On September 4, 2015, the Department of Justice announced that Columbus Regional Healthcare System, a large Georgia hospital system, and Dr. Andrew Pippas, one of the System’s employed oncologists, agreed to pay a maximum of $35 million and $425,000 respectively to settle a whistleblower case alleging violations of the federal False Claims Act and the federal physician self-referral prohibition or “Stark” law. Click here to view a link to the Department of Justice Press Release.
While the large settlement amounts grab attention, it is equally fascinating to read the various claims of wrongdoing alleged by the whistleblower. These are just allegations, not facts. They describe only one side of the story – the whistleblower’s. They were never proven in court, but they highlight conduct that the government presumably found objectionable. While perhaps there was not definitive evidence – no smoking gun – it appears there was enough “smoke” to pique the interest of the government and cause the Hospital and the physician to choose not to risk going to court.
The allegations included:
- The physician was paid $400,000 per year for two medical directorships. He filed time records showing that he performed 60 to 80 hours of work per month, but the validity of these time records were questioned.

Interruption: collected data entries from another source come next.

lemma has_S_retract_basis_cyclic: "has_S_retract_basis A f"
proof -
  define KC where "KC = insert cycle {hat_core w | w. w \<in> K \<and> w \<notin> cycle}"
  define J' where "J' = {(hat_core u, depth (f u)) | u. u \<in> K \<and> u \<notin> cycle}"
  define g' where "g' j = shift_map (fst j) (snd j)" for j :: "'a set \<times> nat"
  have Kne: "K \<noteq> {}" using c0_in_cycle cycle_subset_K by blast
  have cores: "\<forall>K0\<in>KC. inf_core A f K0"
    unfolding KC_def using inf_core_cycle inf_core_hat_core by blast
  have cover: "\<forall>w\<in>K. \<exists>K0\<in>KC. w \<in> K0"
    unfolding KC_def using in_hat_core by blast
  have J'_ret: "\<forall>j\<in>J'. retract A f (fst j) \<and> S_class (fst j) f"
    unfolding J'_def S_class_def using inf_core_hat_core inf_coreD(2,3) by fastforce
  have g'_hom: "\<forall>j\<in>J'. \<forall>x\<in>A. g' j x \<in> fst j \<and> g' j (f x) = f (g' j x)"
    unfolding J'_def g'_def using shift_map_hom by fastforce
  have "(\<exists>K0\<in>KC. u \<in> K0 \<and> v \<in> K0) \<or> (\<exists>j\<in>J'. g' j u \<noteq> g' j v)"
    if uv: "u \<in> K" "v \<in> K" "f u = f v" "u \<noteq> v" for u v
  proof (cases "u \<in> cycle \<or> v \<in> cycle")
    case True
    then have "u \<notin> cycle \<or> v \<notin> cycle" using cycle_siblings_eq uv by blast
    then have "\<exists>w. w \<in> K \<and> w \<notin> cycle \<and> u \<in> hat_core w \<and> v \<in> hat_core w"
      using True uv(1,2) in_hat_core cycle_subset_hat_core by blast
    then show ?thesis unfolding KC_def by blast
  next
    case False
    then have "(hat_core u, depth (f u)) \<in> J'" "g' (hat_core u, depth (f u)) u \<noteq> g' (hat_core u, depth (f u)) v"
      using uv shift_map_separates unfolding J'_def g'_def by auto
    then show ?thesis by blast
  qed
  then show ?thesis using has_S_retract_basis_from_cores[OF Kne cores cover J'_ret g'_hom] by blast
qed

end

theorem lemma4p7:
  fixes A :: "'a set" and f :: "'a \<Rightarrow> 'a"
  assumes "mono_alg A f" and "connected_alg A f"
  shows "\<exists>\<B> :: 'a set set. (\<forall>M\<in>\<B>. retract A f M \<and> S_class M f) \<and>
           in_V \<B> f A f \<and> (\<forall>M\<in>\<B>. in_V {A} f M f)"
proof -
  interpret connected_unary A f
    using assms unfolding mono_alg_def connected_alg_def by unfold_locales auto
  have "has_S_retract_basis A f"
  proof (cases "K = {}")
    case True
    then show ?thesis by (rule has_S_retract_basis_if_no_Ainf)
  next
    case Kne: False
    show ?thesis
    proof (cases "\<exists>c\<in>A. \<exists>p. (f ^^ Suc p) c = c")
      case True
      then obtain c p where "c \<in> A" "(f ^^ Suc p) c = c" by blast
      then interpret cyclic_connected_unary A f c p by unfold_locales
      show ?thesis by (rule has_S_retract_basis_cyclic)
    next
      case False
      then interpret acyclic_connected_unary A f by unfold_locales blast
      show ?thesis using has_S_retract_basis_acyclic[OF Kne] .
    qed
  qed
  then show ?thesis unfolding has_S_retract_basis_def .
qed

end
lemma tm_Suc: "tm (Suc n) = thue_morse n"
  by (simp add: tm_def thue_morse_def)

lemma tm_factor_1: "tm_factor 1 N = map thue_morse [0..<N]"
proof -
  have "tm_factor 1 N = map tm (map Suc [0..<N])"
    unfolding tm_factor_def by (simp add: map_Suc_upt)
  then show ?thesis by (simp add: tm_Suc)
qed

lemma bin_ones_mod_div: "bin_ones n = n mod 2 + bin_ones (n div 2)"
  by (cases "n = 0") (simp_all add: bin_ones.simps[of n] bin_ones.simps[of 0])

lemma bin_ones_double: "bin_ones (2 * n) = bin_ones n"
  using bin_ones_mod_div[of "2 * n"] by simp

lemma bin_ones_Suc_double: "bin_ones (2 * n + 1) = Suc (bin_ones n)"
  using bin_ones_mod_div[of "2 * n + 1"] by simp

lemma bin_ones_mult_power2_add:
  "v < 2 ^ R \<Longrightarrow> bin_ones (x * 2 ^ R + v) = bin_ones x + bin_ones v"
proof (induction R arbitrary: v)
  case 0
  then show ?case by (simp add: bin_ones.simps[of 0])
next
  case (Suc R)
  have step: "bin_ones (v + 2 * c) = v mod 2 + bin_ones (v div 2 + c)" for c
    by (subst bin_ones_mod_div) (simp add: add.commute)
  have "bin_ones (x * 2 ^ Suc R + v) = v mod 2 + bin_ones (x * 2 ^ R + v div 2)"
    using step[of "x * 2 ^ R"] by (simp add: ac_simps)
  also have "\<dots> = bin_ones x + bin_ones v"
    using Suc by (simp add: bin_ones_mod_div[of v])
  finally show ?case .
qed
lemma liftable_quotient_extend:
  assumes W: "N.subspace W" and V: "N.subspace V"
    and lift: "liftable_quotient (N.span (insert y W)) V"
    and y: "y - f x \<in> W" and fx: "f x \<in> V"
    and torsion: "p ^ K *a x = 0" and order: "p ^ (K - 1) *b y \<notin> W" and "0 < K"
  shows "liftable_quotient W V"
proof -
  let ?W' = "N.span (insert y W)"
  obtain A where A: "m1.subspace A" "f ` A \<subseteq> V" and A_inj: "\<forall>a\<in>A. f a \<in> ?W' \<longrightarrow> a = 0"
    and A_surj: "\<forall>v\<in>V. \<exists>a\<in>A. v - f a \<in> ?W'"
    using lift unfolding liftable_quotient_def by blast
  let ?A = "m1.span (insert x A)"
  have mem_A: "a \<in> ?A \<longleftrightarrow> (\<exists>t. a - t *a x \<in> A)" for a
    by (rule m1.mem_span_insert_subspace[OF A(1)])
  have mem_W': "v \<in> ?W' \<longleftrightarrow> (\<exists>t. v - t *b y \<in> W)" for v
    by (rule N.mem_span_insert_subspace[OF W])
  have "f ` ?A \<subseteq> V"
  proof
    fix v assume "v \<in> f ` ?A"
    then obtain a t where "v = f a" "a - t *a x \<in> A"
      using mem_A by blast
    then have "v = f (a - t *a x) + t *b f x"
      by (simp add: diff scale)
    then show "v \<in> V"
      using A(2) \<open>a - t *a x \<in> A\<close> fx V N.subspace_add N.subspace_scale by blast
  qed
  moreover have "\<exists>a\<in>?A. v - f a \<in> W" if "v \<in> V" for v
  proof -
    obtain a t where a: "a \<in> A" and t: "v - f a - t *b y \<in> W"
      using A_surj \<open>v \<in> V\<close> mem_W' by blast
    have "v - f (a + t *a x) = (v - f a - t *b y) + t *b (y - f x)"
      by (simp add: add scale algebra_simps)
    also have "\<dots> \<in> W"
      using t y W N.subspace_add N.subspace_scale by blast
    finally have "v - f (a + t *a x) \<in> W" .
    moreover have "a + t *a x \<in> ?A"
      unfolding mem_A using a by (intro exI[of _ t]) simp
    ultimately show ?thesis
      by blast
  qed
  moreover have "a = 0" if "a \<in> ?A" and "f a \<in> W" for a
  proof -
    obtain t where a1: "a - t *a x \<in> A"
      using mem_A \<open>a \<in> ?A\<close> by blast
    have "f (a - t *a x) - (- t) *b y = f a + t *b (y - f x)"
      by (simp add: diff scale algebra_simps)
    also have "\<dots> \<in> W"
      using \<open>f a \<in> W\<close> y W N.subspace_add N.subspace_scale by blast
    finally have "a - t *a x = 0"
      using A_inj a1 mem_W' by blast
    then have "t *b f x \<in> W"
      using \<open>f a \<in> W\<close> by (simp add: scale)
    then have "t *a x = 0"
      by (rule lift_scale_eq_zero[OF W y torsion order \<open>0 < K\<close>])
    with \<open>a - t *a x = 0\<close> show "a = 0"
      by simp
  qed
  ultimately show ?thesis
    unfolding liftable_quotient_def by (intro exI[of _ ?A]) auto
qed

- The amount paid to the physician per WRVU varied based upon the E&M level coded; the higher the code the higher the per WRVU payment amount.
- The physician had asserted that he was underpaid because his referrals generated millions of dollars for the Hospital in technical fees.
- The physician was paid at least two times the total revenue amount collected for his personally performed services.
- The physician’s WRVU total included WRVUs attributable to services that were performed by a nurse practitioner and another physician but, nonetheless, billed using the physician’s name and NPI.
- An audit of the physician’s medical records and assigned billing codes charts revealed a 68% coding error rate (meaning that the medical record documentation did not support the code that was billed).
- The physician enlisted the assistance of a major Hospital donor and Board member to apply pressure to Hospital administration to maintain his compensation – which exceeded the 90th percentile of a major national benchmark.
- Multiple directives from Hospital administration had been issued highlighting the importance of physician compensation being fair market value and commercially reasonable – suggesting that the Hospital was keenly aware of the compliance rules, while at the same time ignoring them.
While these allegations are not necessarily fact, they demonstrate the type of conduct the government is interested in pursuing and stopping. This matter also highlights how documentation – or the lack thereof – can give traction to qui tam allegations. What would a review of the documentation of your hospital’s financial relationships with referring physicians reveal? What would a comparison of such physicians’ medical record documentation and the codes billed for the related physicians’ services show? In a qui tam case, it is all about the evidence.